Exercise brief: Write out every line below with no difference at all.

.....

(* Let $X$ be a fixed finite set, let $p \in (0,1)$ and $\delta_B \in (0,1)$. For a finite set $Y$, let $\mathcal M_Y(Y) = |X \cap Y_{\mathrm{sub}}|$, where $Y_{\mathrm{sub}} \subseteq Y$ includes each element of $Y$ independently with probability $p$. Set $$L = \frac{\left(\sqrt{\tfrac12\log\tfrac{2}{\delta_B}} + \sqrt{\tfrac12\log\tfrac{2}{\delta_B} + 16(1-p)\log\tfrac{4}{\delta_B}}\right)^2}{16(1-p)^2}.$$ If $|I| > L$, where $I = X\cap Y$, then $\mathcal M_Y$ provides $(\epsilon_B, \delta_B)$-differential privacy for $Y$, i.e. for every $Y'$ neighboring $Y$ and every set $W$ of outputs, $\Pr[\mathcal M_Y(Y)\in W] \le e^{\epsilon_B}\Pr[\mathcal M_Y(Y')\in W] + \delta_B$, where $$\epsilon_B = \frac{2\sqrt{t\log\frac{4}{\delta_B}} + 1}{t - \sqrt{t\log\frac{4}{\delta_B}}}, \qquad t = (1-p)|I| - \sqrt{\frac{|I|}{8}\log\frac{2}{\delta_B}}.$$
   Context: $\log$ is the natural logarithm. Neighboring sets are in the bounded sense: $Y'$ is obtained from $Y$ by replacing exactly one element by another element (so $|Y'|=|Y|$); the set $X$ is held fixed. *)

theory Defs
  imports "HOL-Probability.Probability"
begin

definition subsample_pmf :: "real \<Rightarrow> 'a set \<Rightarrow> 'a set pmf" where
  "subsample_pmf p Y = map_pmf (\<lambda>f. {y \<in> Y. f y}) (Pi_pmf Y False (\<lambda>_. bernoulli_pmf p))"

definition mech_Y :: "'a set \<Rightarrow> real \<Rightarrow> 'a set \<Rightarrow> nat pmf" where
  "mech_Y X p Y = map_pmf (\<lambda>S. card (X \<inter> S)) (subsample_pmf p Y)"

definition neighbour_bounded :: "'a set \<Rightarrow> 'a set \<Rightarrow> bool" where
  "neighbour_bounded Y Y' \<longleftrightarrow> (\<exists>a b. a \<in> Y \<and> b \<notin> Y \<and> Y' = insert b (Y - {a}))"

definition L_bound :: "real \<Rightarrow> real \<Rightarrow> real" where
  "L_bound p \<delta> =
     (sqrt (1/2 * ln (2/\<delta>)) + sqrt (1/2 * ln (2/\<delta>) + 16 * (1 - p) * ln (4/\<delta>)))^2
     / (16 * (1 - p)^2)"

definition t_param :: "real \<Rightarrow> real \<Rightarrow> nat \<Rightarrow> real" where
  "t_param p \<delta> n = (1 - p) * real n - sqrt (real n / 8 * ln (2/\<delta>))"

definition eps_B :: "real \<Rightarrow> real \<Rightarrow> nat \<Rightarrow> real" where
  "eps_B p \<delta> n = (let t = t_param p \<delta> n in
     (2 * sqrt (t * ln (4/\<delta>)) + 1) / (t - sqrt (t * ln (4/\<delta>))))"

end

theory Submission
  imports Defs
begin

(* The mechanism run on Y outputs a Binomial(n, p) variable with n = |X \<inter> Y|, and on a
   neighbour Y' a Binomial(n', p) variable with n' \<in> {n - 1, n, n + 1}.  Adjacent binomial
   distributions have likelihood ratio (n - k) / (n (1 - p)) at k (up to an index shift), so the
   ratio is at most exp \<epsilon>_B unless the number n - k of dropped elements deviates from its mean
   n (1 - p) by a factor exp (\<plusminus>\<epsilon>_B).  Chernoff bounds give this exceptional event probability
   at most exp (- ln (4 / \<delta>_B)) = \<delta>_B / 4, because |I| > L makes
   n (1 - p) \<ge> t > ln (4 / \<delta>_B), and \<epsilon>_B is large enough that t \<epsilon>_B\<^sup>2 dominates the Chernoff
   exponent. *)

lemma measure_pmf_le_mult_plus_exceptional:
  fixes P Q :: "'a pmf"
  assumes "0 \<le> c" and pointwise: "\<And>x. x \<notin> B \<Longrightarrow> pmf P x \<le> c * pmf Q x"
  shows "measure_pmf.prob P W \<le> c * measure_pmf.prob Q W + measure_pmf.prob P B"
proof -
  have "measure_pmf.prob P (W - B) = infsetsum (pmf P) (W - B)"
    by (rule measure_pmf_conv_infsetsum)
  also have "\<dots> \<le> infsetsum (\<lambda>x. c * pmf Q x) (W - B)"
    by (intro infsetsum_mono pointwise abs_summable_on_cmult_right) auto
  also have "\<dots> = c * measure_pmf.prob Q (W - B)"
    by (simp add: infsetsum_cmult_right pmf_abs_summable measure_pmf_conv_infsetsum)
  also have "\<dots> \<le> c * measure_pmf.prob Q W"
    by (intro mult_left_mono measure_pmf.finite_measure_mono assms) auto
  finally have "measure_pmf.prob P (W - B) \<le> c * measure_pmf.prob Q W" .
  moreover have "measure_pmf.prob P W \<le> measure_pmf.prob P ((W - B) \<union> B)"
    by (rule measure_pmf.finite_measure_mono) auto
  moreover have "\<dots> \<le> measure_pmf.prob P (W - B) + measure_pmf.prob P B"
    by (rule measure_Un_le) auto
  ultimately show ?thesis by linarith
qed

.....

Answer below:
(* Let $X$ be a fixed finite set, let $p \in (0,1)$ and $\delta_B \in (0,1)$. For a finite set $Y$, let $\mathcal M_Y(Y) = |X \cap Y_{\mathrm{sub}}|$, where $Y_{\mathrm{sub}} \subseteq Y$ includes each element of $Y$ independently with probability $p$. Set $$L = \frac{\left(\sqrt{\tfrac12\log\tfrac{2}{\delta_B}} + \sqrt{\tfrac12\log\tfrac{2}{\delta_B} + 16(1-p)\log\tfrac{4}{\delta_B}}\right)^2}{16(1-p)^2}.$$ If $|I| > L$, where $I = X\cap Y$, then $\mathcal M_Y$ provides $(\epsilon_B, \delta_B)$-differential privacy for $Y$, i.e. for every $Y'$ neighboring $Y$ and every set $W$ of outputs, $\Pr[\mathcal M_Y(Y)\in W] \le e^{\epsilon_B}\Pr[\mathcal M_Y(Y')\in W] + \delta_B$, where $$\epsilon_B = \frac{2\sqrt{t\log\frac{4}{\delta_B}} + 1}{t - \sqrt{t\log\frac{4}{\delta_B}}}, \qquad t = (1-p)|I| - \sqrt{\frac{|I|}{8}\log\frac{2}{\delta_B}}.$$
   Context: $\log$ is the natural logarithm. Neighboring sets are in the bounded sense: $Y'$ is obtained from $Y$ by replacing exactly one element by another element (so $|Y'|=|Y|$); the set $X$ is held fixed. *)

theory Defs
  imports "HOL-Probability.Probability"
begin

definition subsample_pmf :: "real \<Rightarrow> 'a set \<Rightarrow> 'a set pmf" where
  "subsample_pmf p Y = map_pmf (\<lambda>f. {y \<in> Y. f y}) (Pi_pmf Y False (\<lambda>_. bernoulli_pmf p))"

definition mech_Y :: "'a set \<Rightarrow> real \<Rightarrow> 'a set \<Rightarrow> nat pmf" where
  "mech_Y X p Y = map_pmf (\<lambda>S. card (X \<inter> S)) (subsample_pmf p Y)"

definition neighbour_bounded :: "'a set \<Rightarrow> 'a set \<Rightarrow> bool" where
  "neighbour_bounded Y Y' \<longleftrightarrow> (\<exists>a b. a \<in> Y \<and> b \<notin> Y \<and> Y' = insert b (Y - {a}))"

definition L_bound :: "real \<Rightarrow> real \<Rightarrow> real" where
  "L_bound p \<delta> =
     (sqrt (1/2 * ln (2/\<delta>)) + sqrt (1/2 * ln (2/\<delta>) + 16 * (1 - p) * ln (4/\<delta>)))^2
     / (16 * (1 - p)^2)"

definition t_param :: "real \<Rightarrow> real \<Rightarrow> nat \<Rightarrow> real" where
  "t_param p \<delta> n = (1 - p) * real n - sqrt (real n / 8 * ln (2/\<delta>))"

definition eps_B :: "real \<Rightarrow> real \<Rightarrow> nat \<Rightarrow> real" where
  "eps_B p \<delta> n = (let t = t_param p \<delta> n in
     (2 * sqrt (t * ln (4/\<delta>)) + 1) / (t - sqrt (t * ln (4/\<delta>))))"

end

theory Submission
  imports Defs
begin

(* The mechanism run on Y outputs a Binomial(n, p) variable with n = |X \<inter> Y|, and on a
   neighbour Y' a Binomial(n', p) variable with n' \<in> {n - 1, n, n + 1}.  Adjacent binomial
   distributions have likelihood ratio (n - k) / (n (1 - p)) at k (up to an index shift), so the
   ratio is at most exp \<epsilon>_B unless the number n - k of dropped elements deviates from its mean
   n (1 - p) by a factor exp (\<plusminus>\<epsilon>_B).  Chernoff bounds give this exceptional event probability
   at most exp (- ln (4 / \<delta>_B)) = \<delta>_B / 4, because |I| > L makes
   n (1 - p) \<ge> t > ln (4 / \<delta>_B), and \<epsilon>_B is large enough that t \<epsilon>_B\<^sup>2 dominates the Chernoff
   exponent. *)

lemma measure_pmf_le_mult_plus_exceptional:
  fixes P Q :: "'a pmf"
  assumes "0 \<le> c" and pointwise: "\<And>x. x \<notin> B \<Longrightarrow> pmf P x \<le> c * pmf Q x"
  shows "measure_pmf.prob P W \<le> c * measure_pmf.prob Q W + measure_pmf.prob P B"
proof -
  have "measure_pmf.prob P (W - B) = infsetsum (pmf P) (W - B)"
    by (rule measure_pmf_conv_infsetsum)
  also have "\<dots> \<le> infsetsum (\<lambda>x. c * pmf Q x) (W - B)"
    by (intro infsetsum_mono pointwise abs_summable_on_cmult_right) auto
  also have "\<dots> = c * measure_pmf.prob Q (W - B)"
    by (simp add: infsetsum_cmult_right pmf_abs_summable measure_pmf_conv_infsetsum)
  also have "\<dots> \<le> c * measure_pmf.prob Q W"
    by (intro mult_left_mono measure_pmf.finite_measure_mono assms) auto
  finally have "measure_pmf.prob P (W - B) \<le> c * measure_pmf.prob Q W" .
  moreover have "measure_pmf.prob P W \<le> measure_pmf.prob P ((W - B) \<union> B)"
    by (rule measure_pmf.finite_measure_mono) auto
  moreover have "\<dots> \<le> measure_pmf.prob P (W - B) + measure_pmf.prob P B"
    by (rule measure_Un_le) auto
  ultimately show ?thesis by linarith
qed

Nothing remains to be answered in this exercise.